As I was leaving the museum, I got a text message from Rita saying that the gardens were fabulous and that I should come look. So I went around the back of the museum building, and realised what she meant, with many different styles of garden created in the area previously used by the workers as vegetable gardens. I started looking for Rita in one of the gardens, which was a ring of trees, sheltering a lush garden kept moist with a water mist system that actuated every time you entered. Within the circle are various seating places, giving the perfect hideaway on a hot day. It reminded me of the area that my daughter Emma is creating with partner John on their farm near Castelmaine in Victoria - food for thought! The panorama photo below is slightly misleading - the trees at far left and far right are only about 1m apart, at the entranceway to the garden.

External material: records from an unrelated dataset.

(* Let $G=(V,E)$ be a finite simple graph that is both $P_6$-free and banner-free. If $G$ has an efficient dominating set, then the square $G^2$ is $P_6$-free.
   Context: All graphs are finite, undirected and simple. $P_t$ denotes the path on $t$ vertices. For a family $\mathcal{F}$ of graphs, a graph $G$ is $\mathcal{F}$-free if it contains no induced subgraph isomorphic to a member of $\mathcal{F}$. A banner is the graph obtained from a chordless cycle on four vertices by adding one new vertex adjacent to exactly one vertex of the cycle. An efficient dominating set of $G$ is a subset $D\subseteq V$ that is an independent set such that every vertex of $V\setminus D$ has exactly one neighbor in $D$. For vertices $u,v$, $\mathrm{dist}_G(u,v)$ is the distance between them in $G$. The square of $G=(V,E)$ is the graph $G^2=(V,E^2)$ where $uv\in E^2$ if and only if $\mathrm{dist}_G(u,v)\in\{1,2\}$. *)

theory Defs
  imports Main
begin

definition simple_graph :: "'a set \<Rightarrow> ('a \<Rightarrow> 'a \<Rightarrow> bool) \<Rightarrow> bool" where
  "simple_graph V E \<longleftrightarrow> finite V \<and> (\<forall>u v. E u v \<longrightarrow> u \<in> V \<and> v \<in> V)
     \<and> (\<forall>u v. E u v \<longrightarrow> E v u) \<and> (\<forall>v. \<not> E v v)"

definition has_induced :: "'a set \<Rightarrow> ('a \<Rightarrow> 'a \<Rightarrow> bool) \<Rightarrow> 'b set \<Rightarrow> ('b \<Rightarrow> 'b \<Rightarrow> bool) \<Rightarrow> bool" where
  "has_induced V E W F \<longleftrightarrow> (\<exists>f. inj_on f W \<and> f ` W \<subseteq> V \<and>
      (\<forall>x\<in>W. \<forall>y\<in>W. E (f x) (f y) \<longleftrightarrow> F x y))"

definition path_verts :: "nat \<Rightarrow> nat set" where
  "path_verts t = {0..<t}"
definition path_adj :: "nat \<Rightarrow> nat \<Rightarrow> bool" where
  "path_adj i j \<longleftrightarrow> i = Suc j \<or> j = Suc i"

definition banner_verts :: "nat set" where
  "banner_verts = {0..<5}"
definition banner_adj :: "nat \<Rightarrow> nat \<Rightarrow> bool" where
  "banner_adj i j \<longleftrightarrow> {i, j} \<in> {{0,1}, {1,2}, {2,3}, {3,0}, {0,4}}"

definition P_free :: "nat \<Rightarrow> 'a set \<Rightarrow> ('a \<Rightarrow> 'a \<Rightarrow> bool) \<Rightarrow> bool" where
  "P_free t V E \<longleftrightarrow> \<not> has_induced V E (path_verts t) path_adj"

definition banner_free :: "'a set \<Rightarrow> ('a \<Rightarrow> 'a \<Rightarrow> bool) \<Rightarrow> bool" where
  "banner_free V E \<longleftrightarrow> \<not> has_induced V E banner_verts banner_adj"

definition efficient_dominating_set :: "'a set \<Rightarrow> ('a \<Rightarrow> 'a \<Rightarrow> bool) \<Rightarrow> 'a set \<Rightarrow> bool" where
  "efficient_dominating_set V E D \<longleftrightarrow> D \<subseteq> V \<and> (\<forall>x\<in>D. \<forall>y\<in>D. \<not> E x y)
     \<and> (\<forall>v\<in>V - D. \<exists>!d. d \<in> D \<and> E v d)"

text \<open>Graph distance: dist_le V E k u v holds iff there is a walk of length at most k
  from u to v; dist_G(u,v) = d iff dist_le d holds and dist_le (d-1) does not.\<close>
fun walk_le :: "('a \<Rightarrow> 'a \<Rightarrow> bool) \<Rightarrow> nat \<Rightarrow> 'a \<Rightarrow> 'a \<Rightarrow> bool" where
  "walk_le E 0 u v \<longleftrightarrow> u = v"
| "walk_le E (Suc k) u v \<longleftrightarrow> u = v \<or> (\<exists>w. E u w \<and> walk_le E k w v)"

text \<open>Square: uv is an edge iff dist(u,v) \<in> {1,2}, i.e. u \<noteq> v and there is a walk of length \<le> 2.\<close>
definition square :: "('a \<Rightarrow> 'a \<Rightarrow> bool) \<Rightarrow> 'a \<Rightarrow> 'a \<Rightarrow> bool" where
  "square E u v \<longleftrightarrow> u \<noteq> v \<and> walk_le E 2 u v"

end

theory Submission
  imports Defs
begin

text \<open>
  Let \<open>p\<^sub>0, \<dots>, p\<^sub>5\<close> be an induced \<open>P\<^sub>6\<close> of \<open>G\<^sup>2\<close>: consecutive vertices are at distance
  at most 2 in \<open>G\<close>, all other pairs at distance at least 3. If one of the inner pairs
  \<open>p\<^sub>1p\<^sub>2, p\<^sub>2p\<^sub>3, p\<^sub>3p\<^sub>4\<close> were an edge of \<open>G\<close>, the midpoints of its two neighbouring pairs
  would produce an induced \<open>P\<^sub>6\<close> or banner in \<open>G\<close>; so these pairs have common neighbours
  \<open>q\<^sub>1, q\<^sub>2, q\<^sub>3\<close>, and the end pairs are edges or have common neighbours \<open>q\<^sub>0, q\<^sub>4\<close>.
  Along the resulting spine \<open>p\<^sub>0 (q\<^sub>0) p\<^sub>1 q\<^sub>1 p\<^sub>2 q\<^sub>2 p\<^sub>3 q\<^sub>3 p\<^sub>4 (q\<^sub>4) p\<^sub>5\<close> the only
  undetermined adjacencies are those among the \<open>q\<^sub>i\<close>. If both end pairs are edges, \<open>P\<^sub>6\<close>-freeness
  alone forces a contradiction. Otherwise the efficient dominating set \<open>D\<close> is used: every
  vertex \<open>v\<close> has a unique dominator \<open>\<delta> v \<in> D\<close> in its closed neighbourhood, and a vertex of \<open>D\<close>
  is adjacent exactly to the vertices it dominates. Hence attaching dominators to the ends of
  short induced paths of the spine yields further induced \<open>P\<^sub>6\<close>s and banners, and every possible
  placement of the dominators contains one of them.
\<close>

definition induced_path :: "('a \<Rightarrow> 'a \<Rightarrow> bool) \<Rightarrow> 'a list \<Rightarrow> bool" where
  "induced_path E xs \<longleftrightarrow> distinct xs \<and>
     (\<forall>i < length xs. \<forall>j < length xs. E (xs ! i) (xs ! j) \<longleftrightarrow> path_adj i j)"

lemma has_induced_path_iff:
  "has_induced V E (path_verts n) path_adj \<longleftrightarrow>
     (\<exists>xs. length xs = n \<and> set xs \<subseteq> V \<and> induced_path E xs)"
proof
  assume "has_induced V E (path_verts n) path_adj"
  then obtain f where "inj_on f {0..<n}" "f ` {0..<n} \<subseteq> V"
    and "\<forall>i\<in>{0..<n}. \<forall>j\<in>{0..<n}. E (f i) (f j) \<longleftrightarrow> path_adj i j"
    by (auto simp: has_induced_def path_verts_def)
  then have "length (map f [0..<n]) = n \<and> set (map f [0..<n]) \<subseteq> V \<and>
      induced_path E (map f [0..<n])"
    by (auto simp: induced_path_def distinct_map)
  then show "\<exists>xs. length xs = n \<and> set xs \<subseteq> V \<and> induced_path E xs" ..
next
  assume "\<exists>xs. length xs = n \<and> set xs \<subseteq> V \<and> induced_path E xs"
  then obtain xs where "length xs = n" "set xs \<subseteq> V" "induced_path E xs" by blast
  then show "has_induced V E (path_verts n) path_adj"
    unfolding has_induced_def path_verts_def induced_path_def
    by (intro exI[of _ "nth xs"]) (auto simp: inj_on_def nth_eq_iff_index_eq)
qed
lemma D_eq: "D d n = {(x, y). x \<in> P d n \<and> y \<in> P d n \<and> leq n x y \<and> level_negs x = level_negs y}"
proof (intro set_eqI iffI)
  fix p assume "p \<in> D d n"
  then obtain x y where p: "p = (x, y)" and "x = y \<and> x \<in> P d n \<or> admissible_pair d n x y"
    by (auto simp: D_def)
  moreover have "leq n x x" if "x \<in> P d n"
    using partial_order_P that unfolding partial_order_on'_def by blast
  ultimately show "p \<in> {(x, y). x \<in> P d n \<and> y \<in> P d n \<and> leq n x y \<and> level_negs x = level_negs y}"
    using level_negs_eq_if_admissible_pair[of d n x y] by (auto simp: admissible_pair_def lt_def)
next
  fix p assume "p \<in> {(x, y). x \<in> P d n \<and> y \<in> P d n \<and> leq n x y \<and> level_negs x = level_negs y}"
  then obtain x y where p: "p = (x, y)" and x: "x \<in> P d n" and y: "y \<in> P d n"
    and "leq n x y" "level_negs x = level_negs y" by blast
  then have "x = y \<or> admissible_pair d n x y"
    using admissible_pair_if_level_negs_eq[OF x y] by (auto simp: lt_def)
  then show "p \<in> D d n" using x unfolding p D_def by blast
qed

lemma doset_D: "doset (P d n) (leq n) (D d n)"
  unfolding D_eq using partial_order_P level_negs_convex by (rule doset_same_invariant)

theorem proposition3p16:
  fixes n d :: nat
  assumes "n \<ge> 1"
  shows "doset (P d n) (leq n) (D d n) \<and> distrib_lattice_on (P d n) (leq n)"
  using doset_D pointwise_embedding.distrib_lattice[OF pointwise_embedding_P] by (rule conjI)

end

I continued searching for Rita and finally found her in a modern garden featuring many mirrored pyramids, which gave unexpected views of other parts of the garden and of the old saltworks buildings in the background. Great place for faux-selfies.
Finally after several hours, we dragged ourselves away from Saline Royale at around 1900h, even though there was lots more to see, and started the drive back to SJDL. But by now we were getting hungry, and so we kept an eye out for any small country restaurants. And as luck would have it, we found one (Le Bouchon des Radeliers) as we drove through the town of Chamblay. We quickly pulled over and walked back, to find it empty, but with staff setting the tables for an evening's trade. We had cool drinks, entrees and dessert, and by the time we left just after 2100h, it was packed (and this was a Wednesday night). Very cute and folksy, with handwritten, but extensive, menus, and all good quality food. It even had a classic French waiter standing next to their long list of awards, and meringues with coffee (just for you, Flis). Highly recommended.
After 2200h, we arrived back in SJDL, tired but happy. One thing about the barge being immmobilised is that you get to see many other things (if you have a car available) that you might never have had time to see otherwise.